Comment 4 Radim Krčmář 2013-09-09 16:25:37 UTC
I could not reproduce either:
 - does `cat /sys/kernel/kexec_crash_loaded` print "1"?
 - was anything done before the write to sysrq?


---
This could happen if 'kexec_mutex' was already taken when we crash; 'crash_kexec()' then behaves as if the image was not loaded, which is what we see above.

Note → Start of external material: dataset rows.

lemma ex_maximal_ideal_superset:
  fixes J :: "'a::comm_ring_1 set"
  assumes J: "ideal.subspace J" "1 \<notin> J"
  obtains M where "maximal_ideal M" "J \<subseteq> M"
proof -
  define \<A> where "\<A> = {K. ideal.subspace K \<and> J \<subseteq> K \<and> 1 \<notin> K}"
  have "\<exists>U\<in>\<A>. \<forall>K\<in>C. K \<subseteq> U" if C: "C \<in> chains \<A>" for C
  proof (cases "C = {}")
    case True
    then show ?thesis using J unfolding \<A>_def by blast
  next
    case False
    have "ideal.subspace (\<Union>C)"
      using C False unfolding chains_def chain_subset_def \<A>_def
      by (intro ideal.subspace_Union_chain) auto
    then have "\<Union>C \<in> \<A>" using C False unfolding chains_def \<A>_def by auto
    then show ?thesis by auto
  qed
  then obtain M where M: "M \<in> \<A>" "\<forall>K\<in>\<A>. M \<subseteq> K \<longrightarrow> K = M"
    using Zorn_Lemma2[of \<A>] by blast
  have "maximal_ideal M"
    unfolding maximal_ideal_def ring_ideal_def
  proof (intro conjI allI impI)
    show "ideal.subspace M" "M \<noteq> UNIV" using M unfolding \<A>_def by auto
    fix K assume "ideal.subspace K \<and> M \<subseteq> K"
    then show "K = M \<or> K = UNIV"
      using M ideal_eq_UNIV_iff_one_mem[of K] unfolding \<A>_def by blast
  qed
  with M(1) that show ?thesis unfolding \<A>_def by blast
qed

lemma local_ring_unit_if_notin:
  fixes u :: "'a::comm_ring_1"
  assumes "local_ring_with_max m" "u \<notin> m"
  shows "\<exists>v. u * v = 1"
proof (rule ccontr)
  assume "\<nexists>v. u * v = 1"
  then have "1 \<notin> ideal.span {u}" by (auto simp: ideal.span_singleton mult.commute)
  then obtain M where "maximal_ideal M" "ideal.span {u} \<subseteq> M"
    using ex_maximal_ideal_superset[OF ideal.subspace_span] by blast
  with assms show False
    using ideal.span_base[of u "{u}"] unfolding local_ring_with_max_def by auto
qed

lemma ideal_pow_ideal: "ideal.subspace (ideal_pow m n)"
  unfolding ideal_pow_def by (rule ideal.subspace_span)

lemma ideal_pow_0: "ideal_pow m 0 = UNIV"
proof -
  have "1 \<in> ideal_pow m 0" unfolding ideal_pow_def
    by (rule ideal.span_base) (auto intro: exI[of _ "[]"])
  then show ?thesis using ideal_eq_UNIV_iff_one_mem[OF ideal_pow_ideal] by blast
qed

lemma ideal_pow_mult_Suc:
  assumes "a \<in> ideal_pow m j" "c \<in> m"
  shows "a * c \<in> ideal_pow m (Suc j)"
  using assms(1) unfolding ideal_pow_def
proof (induction rule: ideal.span_induct_alt)
  case base then show ?case by (simp add: ideal.span_zero)
next
  case (step s x y)
  from step(1) obtain xs where xs: "x = prod_list xs" "length xs = j" "set xs \<subseteq> m" by auto
  have "x * c \<in> {prod_list xs | xs. length xs = Suc j \<and> set xs \<subseteq> m}"
    using xs assms(2) by (intro CollectI exI[of _ "c # xs"]) (auto simp: mult.commute)
  then have "s * (x * c) + y * c \<in> ideal.span {prod_list xs | xs. length xs = Suc j \<and> set xs \<subseteq> m}"
    using ideal.span_add[OF ideal.span_scale[OF ideal.span_base] step(2)] by blast
  then show ?case by (simp add: algebra_simps)
qed

lemma ideal_pow_Suc_subset:
  assumes "ideal.subspace m"
  shows "ideal_pow m (Suc j) \<subseteq> ideal_pow m j"
  unfolding ideal_pow_def[of m "Suc j"]
proof (rule ideal.span_minimal[OF _ ideal_pow_ideal], rule subsetI)
  fix z assume "z \<in> {prod_list xs | xs. length xs = Suc j \<and> set xs \<subseteq> m}"
  then obtain xs where xs: "z = prod_list xs" "length xs = Suc j" "set xs \<subseteq> m" by blast
  then obtain x ys where "xs = x # ys" "length ys = j" by (cases xs) auto
  moreover have "prod_list ys \<in> ideal_pow m j"
    unfolding ideal_pow_def using xs calculation by (intro ideal.span_base) auto
  ultimately show "z \<in> ideal_pow m j" using xs(1) by (simp add: ideal_mult_left[OF ideal_pow_ideal])
qed

lemma ideal_pow_subset:
  assumes "ideal.subspace m" "0 < n"
  shows "ideal_pow m n \<subseteq> m"
  unfolding ideal_pow_def
proof (rule ideal.span_minimal[OF _ assms(1)], rule subsetI)
  fix z assume "z \<in> {prod_list xs | xs. length xs = n \<and> set xs \<subseteq> m}"
  then obtain xs where xs: "z = prod_list xs" "length xs = n" "set xs \<subseteq> m" by blast
  then obtain x ys where "z = x * prod_list ys" "x \<in> m" using assms(2) by (cases xs) auto
  then show "z \<in> m" by (simp add: ideal_mult_right[OF assms(1)])
qed

definition monomials :: "'a::comm_ring_1 set \<Rightarrow> nat \<Rightarrow> 'a set" where
  "monomials G j = {prod_list ys | ys. length ys = j \<and> set ys \<subseteq> G}"

definition monomials_below :: "'a::comm_ring_1 set \<Rightarrow> nat \<Rightarrow> 'a set" where
  "monomials_below G j = {prod_list ys | ys. length ys < j \<and> set ys \<subseteq> G}"

lemma finite_monomials_below: "finite G \<Longrightarrow> finite (monomials_below G j)"
proof -
  assume "finite G"
  then have "finite (prod_list ` {ys. set ys \<subseteq> G \<and> length ys \<le> j})"
    using finite_lists_length_le by blast
  moreover have "monomials_below G j \<subseteq> prod_list ` {ys. set ys \<subseteq> G \<and> length ys \<le> j}"
    unfolding monomials_below_def by auto
  ultimately show ?thesis by (rule finite_subset[rotated])
qed

lemma monomials_subset_ideal_pow: "G \<subseteq> m \<Longrightarrow> monomials G j \<subseteq> ideal_pow m j"
  unfolding ideal_pow_def monomials_def by (auto intro!: ideal.span_base)

lemma prod_list_in_span_monomials:
  assumes G: "finite G" and xs: "set xs \<subseteq> ideal.span G"
  shows "prod_list xs \<in> ideal.span (monomials G (length xs))"
  using xs
proof (induction xs)
  case Nil
  show ?case unfolding monomials_def by (rule ideal.span_base) (auto intro: exI[of _ "[]"])
next
  case (Cons x xs)
  define P where "P = prod_list xs"
  have P: "P \<in> ideal.span (monomials G (length xs))" using Cons unfolding P_def by simp
  have "g * P \<in> ideal.span (monomials G (Suc (length xs)))" if g: "g \<in> G" for g
    using P
  proof (induction rule: ideal.span_induct_alt)
    case base then show ?case by (simp add: ideal.span_zero)
  next
    case (step s y z)
    from step(1) obtain ys where ys: "y = prod_list ys" "length ys = length xs" "set ys \<subseteq> G"
      unfolding monomials_def by auto
    have "g * y \<in> monomials G (Suc (length xs))" unfolding monomials_def using ys g
      by (intro CollectI exI[of _ "g # ys"]) auto
    then have "s * (g * y) + g * z \<in> ideal.span (monomials G (Suc (length xs)))"
      using ideal.span_add[OF ideal.span_scale[OF ideal.span_base] step(2)] by blast
    then show ?case by (simp add: algebra_simps)
  qed
  moreover obtain u where "x = (\<Sum>g\<in>G. u g * g)"
    using Cons.prems ideal.span_finite[OF G] by auto
  then have "prod_list (x # xs) = (\<Sum>g\<in>G. u g * (g * P))"
    unfolding P_def by (simp add: sum_distrib_right mult.assoc)
  ultimately show ?case
    by (simp add: ideal.span_sum ideal.span_scale)
qed

lemma ideal_pow_subset_span_monomials:
  assumes "finite G" "ideal.span G = m"
  shows "ideal_pow m j \<subseteq> ideal.span (monomials G j)"
  unfolding ideal_pow_def
  using prod_list_in_span_monomials[OF assms(1)] assms(2)
  by (intro ideal.span_minimal[OF _ ideal.subspace_span]) auto

lemma prod_list_eq_power_count_mult_removeAll:
  "prod_list ys = (g::'a::comm_monoid_mult) ^ count_list ys g * prod_list (removeAll g ys)"
  by (induction ys) (auto simp: algebra_simps)

section \<open>Local k-algebras\<close>

locale k_algebra =
  fixes phi :: "'k::field \<Rightarrow> 'a::comm_ring_1"
  assumes hom: "ring_hom_fun phi"
begin

lemma phi_add[simp]: "phi (x + y) = phi x + phi y"
  and phi_mult[simp]: "phi (x * y) = phi x * phi y"
  and phi_one[simp]: "phi 1 = 1"
  using hom unfolding ring_hom_fun_def by auto

lemma phi_zero[simp]: "phi 0 = 0"
  using phi_add[of 0 0] by simp

sublocale kA: vector_space "\<lambda>c (a::'a). phi c * a"
  by unfold_locales (simp_all add: algebra_simps)

lemma ideal_is_k_subspace: "ideal.subspace I \<Longrightarrow> kA.subspace I"
  unfolding ideal.subspace_def kA.subspace_def by auto

end

locale local_k_algebra = k_algebra phi
  for phi :: "'k::field \<Rightarrow> 'a::comm_ring_1" +
  fixes m :: "'a set"
  assumes noeth: "noetherian_ring TYPE('a)"
    and loc: "local_ring_with_max m"
    and res: "residue_field_is phi m"
begin

lemma m_ideal: "ideal.subspace m"
  using loc unfolding local_ring_with_max_def maximal_ideal_def ring_ideal_def by auto

lemma one_notin_m: "1 \<notin> m"
  using loc ideal_eq_UNIV_iff_one_mem[OF m_ideal]
  unfolding local_ring_with_max_def maximal_ideal_def by auto

lemma phi_mem_m_iff: "phi c \<in> m \<longleftrightarrow> c = 0"
proof
  assume "phi c \<in> m"
  show "c = 0"
  proof (rule ccontr)
    assume "c \<noteq> 0"
    then have "phi (inverse c * c) = 1" by simp
    with ideal_mult_left[OF m_ideal \<open>phi c \<in> m\<close>, of "phi (inverse c)"] one_notin_m
    show False by simp
  qed
qed (simp add: ideal.subspace_0[OF m_ideal])

lemma m_finitely_generated: obtains G where "finite G" "ideal.span G = m"
  using noeth m_ideal that unfolding noetherian_ring_def ring_ideal_def by auto

lemma span_one_m: "kA.span ({1} \<union> m) = UNIV"
proof -
  have "a \<in> kA.span ({1} \<union> m)" for a
  proof -
    obtain c where c: "a - phi c \<in> m" using res unfolding residue_field_is_def by blast
    have "phi c * 1 + (a - phi c) \<in> kA.span ({1} \<union> m)"
      using c by (intro kA.span_add kA.span_scale kA.span_base) auto
    then show ?thesis by simp
  qed
  then show ?thesis by auto
qed

text \<open>Since A = k + m, the k-span of the degree j monomials and of m^(j+1) is already an
  ideal; it contains the generators of m^j.\<close>
lemma ideal_pow_subset_span_monomials_ideal_pow_Suc:
  assumes G: "finite G" "ideal.span G = m"
  shows "ideal_pow m j \<subseteq> kA.span (monomials G j \<union> ideal_pow m (Suc j))"
proof -
  define W where "W = kA.span (monomials G j \<union> ideal_pow m (Suc j))"
  have "W \<subseteq> ideal_pow m j" unfolding W_def
    using monomials_subset_ideal_pow[of G m] G(2) ideal.span_superset[of G]
      ideal_pow_Suc_subset[OF m_ideal] ideal_is_k_subspace[OF ideal_pow_ideal]
    by (intro kA.span_minimal) auto
  have "ideal.subspace W" unfolding ideal.subspace_def
  proof (intro conjI ballI allI)
    show "0 \<in> W" unfolding W_def by (rule kA.span_zero)
    fix x y assume "x \<in> W" "y \<in> W"
    then show "x + y \<in> W" unfolding W_def by (rule kA.span_add)
  next
    fix a w assume w: "w \<in> W"
    obtain c where c: "a - phi c \<in> m" using res unfolding residue_field_is_def by blast
    have "phi c * w \<in> W" using w unfolding W_def by (rule kA.span_scale)
    moreover have "w * (a - phi c) \<in> ideal_pow m (Suc j)"
      using \<open>W \<subseteq> ideal_pow m j\<close> w c by (intro ideal_pow_mult_Suc) auto
    then have "w * (a - phi c) \<in> W" unfolding W_def by (intro kA.span_base) auto
    ultimately have "phi c * w + w * (a - phi c) \<in> W" unfolding W_def by (rule kA.span_add)
    then show "a * w \<in> W" by (simp add: algebra_simps)
  qed
  moreover have "monomials G j \<subseteq> W" unfolding W_def by (auto intro: kA.span_base)
  ultimately have "ideal.span (monomials G j) \<subseteq> W" by (intro ideal.span_minimal)
  with ideal_pow_subset_span_monomials[OF G] show ?thesis unfolding W_def by auto
qed

lemma span_monomials_below_ideal_pow:
  assumes G: "finite G" "ideal.span G = m"
  shows "kA.span (monomials_below G N \<union> ideal_pow m N) = UNIV"
proof (induction N)
  case 0
  show ?case by (simp add: ideal_pow_0)
next
  case (Suc N)
  define S where "S = monomials_below G (Suc N) \<union> ideal_pow m (Suc N)"
  have "monomials_below G N \<subseteq> kA.span S" unfolding S_def monomials_below_def
    by (auto intro!: kA.span_base)
  moreover have "monomials G N \<union> ideal_pow m (Suc N) \<subseteq> S"
    unfolding S_def monomials_def monomials_below_def by auto
  then have "ideal_pow m N \<subseteq> kA.span S"
    using ideal_pow_subset_span_monomials_ideal_pow_Suc[OF G, of N] kA.span_mono by blast
  ultimately have "kA.span (monomials_below G N \<union> ideal_pow m N) \<subseteq> kA.span S"
    by (intro kA.span_minimal) auto
  then show ?case using Suc unfolding S_def by auto
qed

lemma fin_quot_dim_ideal_pow: "fin_quot_dim (\<lambda>c a. phi c * a) (ideal_pow m N)"
proof -
  obtain G where G: "finite G" "ideal.span G = m" by (rule m_finitely_generated)
  show ?thesis unfolding fin_quot_dim_def
    using span_monomials_below_ideal_pow[OF G, of N] finite_monomials_below[OF G(1)] by blast
qed

lemma dim_ring_quot_ideal_pow_pos:
  assumes "0 < n"
  shows "0 < dim_ring_quot phi (ideal_pow m n)"
proof (rule ccontr)
  assume "\<not> 0 < dim_ring_quot phi (ideal_pow m n)"
  moreover obtain B where "finite B" "card B = dim_ring_quot phi (ideal_pow m n)"
    "kA.span (B \<union> ideal_pow m n) = UNIV"
    using kA.quot_dim_attained[OF fin_quot_dim_ideal_pow[of n]] unfolding dim_ring_quot_def .
  ultimately have "kA.span (ideal_pow m n) = UNIV" by simp
  then have "ideal_pow m n = UNIV"
    by (metis kA.span_eq_iff ideal_is_k_subspace ideal_pow_ideal)
  then show False using ideal_pow_subset[OF m_ideal assms] one_notin_m by auto
qed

'kexec_mutex' is taken in these other cases:
 - reading/writing of 'kernel/kexec_crash_size' (in sysfs)
 - loading kexec image (kexec_load syscall)
 - rebooting with kexec (reboot syscall)

Comment 5 Radim Krčmář 2013-09-20 12:25:19 UTC
I think we did not have kexec kernel loaded, please reopen if you still hit it.